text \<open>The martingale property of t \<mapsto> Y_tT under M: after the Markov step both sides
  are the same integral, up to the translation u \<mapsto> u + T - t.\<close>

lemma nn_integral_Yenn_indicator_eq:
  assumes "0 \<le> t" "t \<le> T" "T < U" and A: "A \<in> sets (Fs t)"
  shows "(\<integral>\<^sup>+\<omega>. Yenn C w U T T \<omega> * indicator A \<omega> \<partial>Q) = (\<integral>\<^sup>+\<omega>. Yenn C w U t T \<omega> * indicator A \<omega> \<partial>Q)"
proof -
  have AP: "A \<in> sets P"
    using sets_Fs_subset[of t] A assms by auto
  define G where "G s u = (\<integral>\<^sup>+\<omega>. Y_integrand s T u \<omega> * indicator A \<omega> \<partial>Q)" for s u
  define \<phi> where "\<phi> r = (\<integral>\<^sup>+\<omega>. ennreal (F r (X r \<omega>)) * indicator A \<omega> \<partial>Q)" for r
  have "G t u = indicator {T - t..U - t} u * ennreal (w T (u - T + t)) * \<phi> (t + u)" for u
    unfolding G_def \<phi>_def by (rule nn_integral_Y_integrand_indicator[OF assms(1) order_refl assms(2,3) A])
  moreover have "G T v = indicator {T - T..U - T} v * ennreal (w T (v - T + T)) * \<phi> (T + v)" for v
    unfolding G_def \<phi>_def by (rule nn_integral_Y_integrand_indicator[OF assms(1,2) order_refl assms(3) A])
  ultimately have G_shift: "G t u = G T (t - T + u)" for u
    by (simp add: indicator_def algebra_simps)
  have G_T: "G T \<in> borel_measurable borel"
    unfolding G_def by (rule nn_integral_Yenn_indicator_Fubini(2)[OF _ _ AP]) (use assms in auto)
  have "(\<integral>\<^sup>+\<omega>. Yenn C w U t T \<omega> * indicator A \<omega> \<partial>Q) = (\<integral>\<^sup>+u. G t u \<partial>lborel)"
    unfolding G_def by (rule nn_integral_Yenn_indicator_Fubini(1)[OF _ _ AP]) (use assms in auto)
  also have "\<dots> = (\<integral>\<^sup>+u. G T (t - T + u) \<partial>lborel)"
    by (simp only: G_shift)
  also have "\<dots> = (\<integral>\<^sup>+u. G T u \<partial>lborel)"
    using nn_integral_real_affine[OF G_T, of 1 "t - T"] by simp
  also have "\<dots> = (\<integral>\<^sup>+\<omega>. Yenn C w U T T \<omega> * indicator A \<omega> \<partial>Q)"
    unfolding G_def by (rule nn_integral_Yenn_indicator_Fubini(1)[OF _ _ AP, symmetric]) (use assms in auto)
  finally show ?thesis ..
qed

---

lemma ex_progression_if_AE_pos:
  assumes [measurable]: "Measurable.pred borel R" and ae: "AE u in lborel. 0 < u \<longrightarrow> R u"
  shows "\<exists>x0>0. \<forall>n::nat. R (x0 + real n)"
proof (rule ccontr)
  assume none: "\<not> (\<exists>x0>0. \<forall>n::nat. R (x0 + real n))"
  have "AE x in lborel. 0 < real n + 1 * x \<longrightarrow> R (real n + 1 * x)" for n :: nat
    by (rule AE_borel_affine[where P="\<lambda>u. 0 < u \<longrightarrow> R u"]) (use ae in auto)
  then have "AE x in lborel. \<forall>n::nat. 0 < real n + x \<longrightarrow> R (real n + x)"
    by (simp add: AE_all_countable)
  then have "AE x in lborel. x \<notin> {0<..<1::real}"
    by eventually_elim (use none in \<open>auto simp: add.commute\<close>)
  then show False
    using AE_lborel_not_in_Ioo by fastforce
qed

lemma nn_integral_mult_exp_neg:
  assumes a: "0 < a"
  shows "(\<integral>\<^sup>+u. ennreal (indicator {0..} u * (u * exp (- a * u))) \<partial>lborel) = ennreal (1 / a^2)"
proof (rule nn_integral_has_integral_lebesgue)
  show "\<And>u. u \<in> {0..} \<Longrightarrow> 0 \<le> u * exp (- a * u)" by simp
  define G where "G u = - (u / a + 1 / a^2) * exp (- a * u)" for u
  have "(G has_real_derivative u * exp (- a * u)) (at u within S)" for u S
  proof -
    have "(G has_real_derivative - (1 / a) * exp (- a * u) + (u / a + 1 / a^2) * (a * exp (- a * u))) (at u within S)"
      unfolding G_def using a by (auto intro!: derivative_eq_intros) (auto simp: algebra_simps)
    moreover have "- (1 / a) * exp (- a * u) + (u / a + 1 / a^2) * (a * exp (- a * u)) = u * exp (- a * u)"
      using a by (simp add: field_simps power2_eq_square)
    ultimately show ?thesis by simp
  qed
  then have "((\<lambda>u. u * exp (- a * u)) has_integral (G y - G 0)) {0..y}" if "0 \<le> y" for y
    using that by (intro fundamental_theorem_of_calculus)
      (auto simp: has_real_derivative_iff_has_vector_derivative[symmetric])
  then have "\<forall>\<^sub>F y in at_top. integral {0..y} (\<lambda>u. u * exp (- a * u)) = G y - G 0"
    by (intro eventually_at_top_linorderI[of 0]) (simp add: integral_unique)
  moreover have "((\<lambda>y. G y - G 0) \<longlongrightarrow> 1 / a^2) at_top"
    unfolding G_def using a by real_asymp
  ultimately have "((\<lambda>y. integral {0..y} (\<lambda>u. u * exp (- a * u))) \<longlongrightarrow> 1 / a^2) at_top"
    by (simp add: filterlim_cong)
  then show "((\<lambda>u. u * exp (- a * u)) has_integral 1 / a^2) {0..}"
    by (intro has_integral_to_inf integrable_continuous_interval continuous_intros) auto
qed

## PROBLEM
Locate the lines above that contain "exists" and copy them.

## ANSWER FOR THE TASK
  shows "\<exists>x0>0. \<forall>n::nat. R (x0 + real n)"
  assume none: "\<not> (\<exists>x0>0. \<forall>n::nat. R (x0 + real n))"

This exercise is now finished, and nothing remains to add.